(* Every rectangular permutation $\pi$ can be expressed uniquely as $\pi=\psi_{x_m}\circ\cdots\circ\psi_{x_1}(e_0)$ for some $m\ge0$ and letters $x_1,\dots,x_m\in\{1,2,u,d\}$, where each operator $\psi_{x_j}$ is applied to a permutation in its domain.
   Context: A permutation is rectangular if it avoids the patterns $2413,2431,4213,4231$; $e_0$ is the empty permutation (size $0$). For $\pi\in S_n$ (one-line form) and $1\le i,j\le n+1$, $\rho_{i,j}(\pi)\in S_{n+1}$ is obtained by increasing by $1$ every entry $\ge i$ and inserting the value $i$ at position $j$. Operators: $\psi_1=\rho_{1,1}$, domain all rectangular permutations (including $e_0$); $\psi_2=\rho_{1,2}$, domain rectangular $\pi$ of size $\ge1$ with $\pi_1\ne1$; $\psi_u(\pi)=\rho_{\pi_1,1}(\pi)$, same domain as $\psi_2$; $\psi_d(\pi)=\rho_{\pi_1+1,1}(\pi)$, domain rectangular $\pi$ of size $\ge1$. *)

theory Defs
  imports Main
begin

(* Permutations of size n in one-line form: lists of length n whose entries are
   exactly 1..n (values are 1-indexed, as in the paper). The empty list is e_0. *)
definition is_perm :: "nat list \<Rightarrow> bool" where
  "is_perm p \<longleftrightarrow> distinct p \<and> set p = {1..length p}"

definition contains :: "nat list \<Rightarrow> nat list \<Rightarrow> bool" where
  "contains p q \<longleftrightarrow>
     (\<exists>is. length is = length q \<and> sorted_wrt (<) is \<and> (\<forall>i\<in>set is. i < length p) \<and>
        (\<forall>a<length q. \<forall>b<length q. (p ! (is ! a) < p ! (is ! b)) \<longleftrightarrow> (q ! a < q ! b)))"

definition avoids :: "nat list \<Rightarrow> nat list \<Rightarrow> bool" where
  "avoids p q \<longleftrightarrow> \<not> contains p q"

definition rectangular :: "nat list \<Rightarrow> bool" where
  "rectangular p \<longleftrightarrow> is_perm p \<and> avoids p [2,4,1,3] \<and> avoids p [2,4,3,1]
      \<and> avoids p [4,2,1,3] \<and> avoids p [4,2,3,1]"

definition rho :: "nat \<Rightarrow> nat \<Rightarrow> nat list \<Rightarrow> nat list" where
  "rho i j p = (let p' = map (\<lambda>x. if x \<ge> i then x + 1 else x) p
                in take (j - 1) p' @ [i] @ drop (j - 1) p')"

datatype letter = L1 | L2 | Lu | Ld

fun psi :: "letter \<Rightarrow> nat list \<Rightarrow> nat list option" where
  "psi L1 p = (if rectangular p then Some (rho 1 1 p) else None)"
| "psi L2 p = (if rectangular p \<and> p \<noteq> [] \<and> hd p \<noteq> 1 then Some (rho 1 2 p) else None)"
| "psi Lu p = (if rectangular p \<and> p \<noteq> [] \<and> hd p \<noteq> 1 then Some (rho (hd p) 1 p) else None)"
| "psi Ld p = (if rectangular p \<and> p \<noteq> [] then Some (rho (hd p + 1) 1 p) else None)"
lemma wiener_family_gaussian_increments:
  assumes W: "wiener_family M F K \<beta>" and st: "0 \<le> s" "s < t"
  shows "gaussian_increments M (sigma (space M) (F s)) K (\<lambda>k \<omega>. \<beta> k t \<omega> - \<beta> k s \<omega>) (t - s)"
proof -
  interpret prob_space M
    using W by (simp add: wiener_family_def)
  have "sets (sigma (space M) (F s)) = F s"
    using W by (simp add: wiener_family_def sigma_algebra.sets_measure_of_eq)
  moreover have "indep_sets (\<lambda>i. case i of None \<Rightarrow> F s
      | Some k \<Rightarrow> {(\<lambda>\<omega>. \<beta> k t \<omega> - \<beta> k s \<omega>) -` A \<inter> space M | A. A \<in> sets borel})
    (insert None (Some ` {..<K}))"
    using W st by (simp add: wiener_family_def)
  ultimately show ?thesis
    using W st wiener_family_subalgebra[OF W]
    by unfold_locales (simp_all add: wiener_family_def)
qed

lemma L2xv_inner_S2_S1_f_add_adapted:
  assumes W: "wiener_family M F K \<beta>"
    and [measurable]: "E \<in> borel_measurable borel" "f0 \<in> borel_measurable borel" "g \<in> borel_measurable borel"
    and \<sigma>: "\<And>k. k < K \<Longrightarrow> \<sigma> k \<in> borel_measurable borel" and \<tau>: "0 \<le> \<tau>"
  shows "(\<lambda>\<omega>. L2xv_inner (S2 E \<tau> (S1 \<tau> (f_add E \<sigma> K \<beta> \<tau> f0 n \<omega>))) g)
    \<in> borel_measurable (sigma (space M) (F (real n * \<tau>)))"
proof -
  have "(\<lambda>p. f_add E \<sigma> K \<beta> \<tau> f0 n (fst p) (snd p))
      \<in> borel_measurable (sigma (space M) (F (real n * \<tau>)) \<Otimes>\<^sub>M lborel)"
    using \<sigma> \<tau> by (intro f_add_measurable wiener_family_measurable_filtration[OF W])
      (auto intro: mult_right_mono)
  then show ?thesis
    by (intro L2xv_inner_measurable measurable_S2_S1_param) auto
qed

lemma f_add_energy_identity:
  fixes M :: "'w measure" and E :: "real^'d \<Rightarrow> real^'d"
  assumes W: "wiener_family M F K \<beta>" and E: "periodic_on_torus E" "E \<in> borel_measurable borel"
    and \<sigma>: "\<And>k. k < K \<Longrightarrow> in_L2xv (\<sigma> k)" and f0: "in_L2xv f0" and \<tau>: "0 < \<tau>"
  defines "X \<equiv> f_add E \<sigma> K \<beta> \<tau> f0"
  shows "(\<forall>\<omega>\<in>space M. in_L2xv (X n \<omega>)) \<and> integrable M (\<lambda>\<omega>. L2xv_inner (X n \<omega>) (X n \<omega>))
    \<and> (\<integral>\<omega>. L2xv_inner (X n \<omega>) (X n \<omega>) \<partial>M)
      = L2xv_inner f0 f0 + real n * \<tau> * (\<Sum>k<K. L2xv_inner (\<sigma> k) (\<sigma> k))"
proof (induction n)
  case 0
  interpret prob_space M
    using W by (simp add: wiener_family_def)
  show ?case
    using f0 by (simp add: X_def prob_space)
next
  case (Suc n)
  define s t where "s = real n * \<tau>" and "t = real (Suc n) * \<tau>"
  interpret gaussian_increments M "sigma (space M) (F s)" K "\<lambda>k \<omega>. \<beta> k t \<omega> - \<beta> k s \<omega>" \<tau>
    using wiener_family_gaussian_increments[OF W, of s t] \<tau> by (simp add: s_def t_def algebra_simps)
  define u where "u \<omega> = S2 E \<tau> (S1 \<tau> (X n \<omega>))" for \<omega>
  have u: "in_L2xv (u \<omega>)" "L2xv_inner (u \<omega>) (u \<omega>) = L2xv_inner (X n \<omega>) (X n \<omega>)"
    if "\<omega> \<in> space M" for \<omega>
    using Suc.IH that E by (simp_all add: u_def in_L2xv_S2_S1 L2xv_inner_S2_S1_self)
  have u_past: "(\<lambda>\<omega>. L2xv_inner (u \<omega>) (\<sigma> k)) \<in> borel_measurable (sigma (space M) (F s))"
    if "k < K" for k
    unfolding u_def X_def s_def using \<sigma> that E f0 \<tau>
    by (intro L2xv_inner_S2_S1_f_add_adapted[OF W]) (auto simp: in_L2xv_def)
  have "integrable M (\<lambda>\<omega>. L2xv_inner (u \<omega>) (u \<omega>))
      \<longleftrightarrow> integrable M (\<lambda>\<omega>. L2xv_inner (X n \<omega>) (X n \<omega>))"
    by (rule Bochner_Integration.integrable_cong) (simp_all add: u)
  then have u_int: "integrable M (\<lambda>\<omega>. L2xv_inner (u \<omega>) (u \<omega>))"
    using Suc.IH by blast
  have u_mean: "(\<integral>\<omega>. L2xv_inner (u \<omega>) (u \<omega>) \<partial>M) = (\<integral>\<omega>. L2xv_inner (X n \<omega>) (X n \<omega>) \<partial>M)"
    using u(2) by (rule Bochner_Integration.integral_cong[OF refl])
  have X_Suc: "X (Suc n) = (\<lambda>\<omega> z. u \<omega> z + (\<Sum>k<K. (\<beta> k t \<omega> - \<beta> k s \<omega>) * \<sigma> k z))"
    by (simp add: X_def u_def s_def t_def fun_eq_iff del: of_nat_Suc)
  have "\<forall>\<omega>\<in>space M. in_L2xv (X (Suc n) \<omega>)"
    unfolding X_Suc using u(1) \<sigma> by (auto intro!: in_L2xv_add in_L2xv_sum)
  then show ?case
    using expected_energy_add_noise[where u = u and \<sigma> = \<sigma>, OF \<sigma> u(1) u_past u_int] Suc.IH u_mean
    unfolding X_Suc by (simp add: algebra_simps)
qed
━━━━━━━━━━
> [Problem]: Wherever the string "rule" appears in the data above, report the whole line.

> [Answer to the problem]:
    by (rule Bochner_Integration.integrable_cong) (simp_all add: u)
    using u(2) by (rule Bochner_Integration.integral_cong[OF refl])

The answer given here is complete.